Some beef burgers sold in UK branches of Aldi, Lidl, Tesco and Iceland have been withdrawn from sale after food inspectors in Ireland found traces of horse DNA in them.

Food inspectors in Ireland have announced finding horse DNA in beef burgers sold in UK and Ireland branches of Tesco, Aldi, Lidl and Iceland.

Inspectors in Ireland found horse DNA in 10 of the 27 beef burger products they studied.The news was announced by the Food Standard Authority of Ireland (FSAI) after its inspectors examined 27 beef burger products and found that 10 of them tested positive for horse DNA. One sample from Tesco, meanwhile, was found to have 29% horse meat.

In addition, 85% of the 27 products also tested positive for pig DNA, as well as 21 of 31 studied beef meal products (cottage pie, beef curry pie, lasagne, etc). However, these meals were negative for horse DNA.

The beef burger products that tested positive have been identified as being produced by two processing plants in Ireland (Liffey Meats and Silvercrest Foods) and one plant (Dalepak Hambleton) in the UK. According to reports, the affected retailers have withdrawn all suspected products from their shelves.

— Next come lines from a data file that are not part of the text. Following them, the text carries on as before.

(* Let $p$ be an odd prime, $e\ge1$, and let $\mathcal M$ be an orientably-regular embedding of $K_{p[p^e]}$ with $G=\mathrm{Aut}^+(\mathcal M)$ and $H\trianglelefteq G$ the subgroup of automorphisms preserving each of the $p$ parts setwise. Suppose $H=\langle x,z\rangle$ has presentation $\langle x,z\mid x^{p^e}=z^{p^e}=1,\ z^x=z^q\rangle$ with $q=1+p^f$ for some $f\in\{1,\dots,e\}$. Then $N:=\langle x^{p^{e-f}},z\rangle$ is a normal subgroup of $G$.
   Context: $K_{m[n]}$ is the complete multipartite graph with $m$ parts of $n$ vertices each; an orientably-regular embedding of it is an orientable map with this underlying graph whose group $\mathrm{Aut}^+(\mathcal M)$ of orientation-preserving automorphisms acts regularly on arcs. Conjugation is $z^x=x^{-1}zx$. *)

theory Defs
  imports "HOL-Algebra.Algebra"
begin

text \<open>Algebraic model of an orientably-regular map M(G;R,L): the arcs are the elements
of G = Aut+(M) = <R,L> (L an involution), G acting by left multiplication (regularly);
the vertex at which arc g starts is the left coset g<R>, and the reverse of arc g is gL.\<close>

definition orreg_map :: "('g, 'b) monoid_scheme \<Rightarrow> 'g \<Rightarrow> 'g \<Rightarrow> bool" where
  "orreg_map G R L \<longleftrightarrow> group G \<and> finite (carrier G) \<and> R \<in> carrier G \<and> L \<in> carrier G
     \<and> L \<noteq> \<one>\<^bsub>G\<^esub> \<and> L \<otimes>\<^bsub>G\<^esub> L = \<one>\<^bsub>G\<^esub>
     \<and> generate G {R, L} = carrier G"
lemma bt_path_block_chain:
  assumes bp: "bt_path V E p" and hd: "hd p = Inl B" and last: "last p = Inl B'" and "B \<noteq> B'"
  defines "k \<equiv> (length p - 1) div 2"
  shows "length p = 2 * k + 1"
    and "block_chain V E k (\<lambda>i. projl (p ! (2 * i))) (\<lambda>i. projr (p ! (2 * i + 1)))"
proof -
  define X where "X i = projl (p ! (2 * i))" for i
  define j where "j i = projr (p ! (2 * i + 1))" for i
  have "p \<noteq> []" and "distinct p" and adj: "\<And>i. Suc i < length p \<Longrightarrow> bt_adj V E (p ! i) (p ! Suc i)"
    using bp by (auto simp: bt_path_def)
  have parity: "isl (p ! i) \<longleftrightarrow> even i" if "i < length p" for i
    using bt_path_isl_nth[OF bp _ that] hd by simp
  have "p ! (length p - 1) = Inl B'" using last \<open>p \<noteq> []\<close> by (simp add: last_conv_nth)
  then show len: "length p = 2 * k + 1"
    using parity[of "length p - 1"] \<open>p \<noteq> []\<close> unfolding k_def by auto
  have "length p \<noteq> 1" using hd last \<open>B \<noteq> B'\<close> \<open>p \<noteq> []\<close> by (auto simp: hd_conv_nth last_conv_nth)
  then have "1 \<le> k" using len by simp
  have pX: "p ! (2 * i) = Inl (X i)" if "i \<le> k" for i
    using parity[of "2 * i"] that len by (simp add: X_def)
  have pj: "p ! (2 * i + 1) = Inr (j i)" if "i < k" for i
    using parity[of "2 * i + 1"] that len by (cases "p ! (2 * i + 1)") (simp_all add: j_def)
  have left: "is_block V E (X i) \<and> j i \<in> X i" if "i < k" for i
    using adj[of "2 * i"] pX[of i] pj[of i] that len by (auto simp: bt_adj_def)
  have right: "is_block V E (X (Suc i)) \<and> j i \<in> X (Suc i)" if "i < k" for i
    using adj[of "2 * i + 1"] pX[of "Suc i"] pj[of i] that len by (auto simp: bt_adj_def)
  have "is_block V E (X i)" if "i \<le> k" for i
    using left right[of "i - 1"] that \<open>1 \<le> k\<close> by (cases "i < k") auto
  moreover have "inj_on X {..k}"
  proof (rule inj_onI)
    fix a b assume "a \<in> {..k}" "b \<in> {..k}" "X a = X b"
    then have "p ! (2 * a) = p ! (2 * b)" "2 * a < length p" "2 * b < length p" using pX len by auto
    then show "a = b" using \<open>distinct p\<close> by (simp add: nth_eq_iff_index_eq)
  qed
  moreover have "inj_on j {..<k}"
  proof (rule inj_onI)
    fix a b assume "a \<in> {..<k}" "b \<in> {..<k}" "j a = j b"
    then have "p ! (2 * a + 1) = p ! (2 * b + 1)" "2 * a + 1 < length p" "2 * b + 1 < length p"
      using pj len by auto
    then show "a = b" using \<open>distinct p\<close> by (simp add: nth_eq_iff_index_eq)
  qed
  ultimately show "block_chain V E k (\<lambda>i. projl (p ! (2 * i))) (\<lambda>i. projr (p ! (2 * i + 1)))"
    using left right \<open>1 \<le> k\<close> unfolding block_chain_def X_def j_def by blast
qed

lemma hallway_chain_of_hallway:
  assumes "is_hallway V E B B'"
  obtains k X j w w' where "hallway_chain V E k X j w w'"
proof -
  from assms obtain p u1 uk where bp: "bt_path V E p" and hd: "hd p = Inl B" and last: "last p = Inl B'"
    and p1: "p ! 1 = Inr u1" and p2: "p ! (length p - 2) = Inr uk" and "B \<noteq> B'"
    and hole1: "directed_hole V E B u1" and hole2: "directed_hole V E B' uk"
    unfolding is_hallway_def by blast
  define k where "k = (length p - 1) div 2"
  note chain = bt_path_block_chain[OF bp hd last \<open>B \<noteq> B'\<close>, folded k_def]
  have "1 \<le> k" and "p \<noteq> []" using chain(2) bp by (auto simp: block_chain_def bt_path_def)
  have ends: "projl (p ! (2 * 0)) = B" "projl (p ! (2 * k)) = B'"
    using hd last chain(1) \<open>p \<noteq> []\<close> by (simp_all add: hd_conv_nth last_conv_nth)
  have "2 * (k - 1) + 1 = length p - 2" using chain(1) \<open>1 \<le> k\<close> by simp
  then have junctions: "projr (p ! (2 * 0 + 1)) = u1" "projr (p ! (2 * (k - 1) + 1)) = uk"
    using p1 p2 by simp_all
  from hole1 obtain w where "w \<in> B" "w \<noteq> u1" "\<not> E u1 w" unfolding directed_hole_def by blast
  moreover from hole2 obtain w' where "w' \<in> B'" "w' \<noteq> uk" "\<not> E uk w'" unfolding directed_hole_def by blast
  ultimately show thesis
    using that[unfolded hallway_chain_def, OF conjI[OF chain(2)]] ends junctions by simp
qed

lemma cop_move_single: "cop_move E [c] C' \<Longrightarrow> \<exists>c'. C' = [c'] \<and> (c' = c \<or> E c c')"
  unfolding cop_move_def by (cases C') auto
lemma bilinear_tau_n_qt:
  assumes "b1 \<noteq> 0"
  shows "T (-1) 2 N t * T 0 0 (Suc N) (q * t)
       = T (-1) 1 N (q * t) * T 0 1 (Suc N) t
         + q ^ Suc N * t * alpha N * T 0 1 N t * T (-1) 1 (Suc N) (q * t)"
proof -
  let ?P = "(-1) ^ N * (\<Prod>j<N. b1q (Suc j)) ^ 2 * b1"
  have "?P * (T (-1) 2 N t * T 0 0 (Suc N) (q * t))
      = (-1) ^ N * (\<Prod>j<N. b1q (Suc j)) * T (-1) 2 N t
          * ((\<Prod>j<Suc N. b1q j) * T 0 0 (Suc N) (q * t))"
    unfolding prod_b1q_Suc by (simp only: mult_ac power2_eq_square)
  also have "\<dots> = - (alpha N * q * t) * (\<Prod>j<Suc N. b1q j) * (\<Prod>j<N. b1q j) * T 0 1 N t
          * ((-1) ^ Suc N * T (-1) 1 (Suc N) (q * t))
        + (-1) ^ N * (\<Prod>j<N. b1q (Suc j)) * T (-1) 1 N (q * t)
          * ((\<Prod>j<Suc N. b1q j) * T 0 1 (Suc N) t)"
    using det_fun_three_term[where N = N and V = "psi_grid (q * t) 2" and g = "psi_grid (q * t) 1"
        and p = "unit_row 0" and r = "tail_prod alpha (Suc N)" and v = "tail_prod (gamma (q * t)) (Suc N)"]
    by (simp add: det_fun_grid_upd_row_shifted[where c = 1, simplified]
        det_fun_grid_bordered_unit_alpha det_fun_grid_last_row_gamma det_fun_grid_bordered_gamma_alpha
        det_fun_grid_last_row_unit_first det_fun_grid_bordered_unit_gamma det_fun_grid_last_row_alpha)
  also have "\<dots> = ?P * (T (-1) 1 N (q * t) * T 0 1 (Suc N) t
           + q ^ Suc N * t * alpha N * T 0 1 N t * T (-1) 1 (Suc N) (q * t))"
    unfolding prod_b1q_Suc unfolding prod_b1q by (simp add: algebra_simps power2_eq_square)
  finally show ?thesis
    using assms by (simp add: b1q_nonzero)
qed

According to Alan Reilly, chief executive of the FSAI, these findings pose no risk to public health. However, they do raise some concerns as to traceability of ingredients.

“The products we have identified as containing horse DNA and/or pig DNA do not pose any food safety risk and consumers should not be worried,” said Prof Reilly. “Consumers who have purchased any of the implicated products can return them to their retailer.

“While there is a plausible explanation for the presence of pig DNA in these products due to the fact that meat from different animals is processed in the same meat plants, there is no clear explanation at this time for the presence of horse DNA in products emanating from meat plants that do not use horse meat in their production process.

“We are working with the meat processing plants and [Ireland’s] Department of Agriculture, Fisheries and the Marine to find out how horse DNA could have found its way into these products.”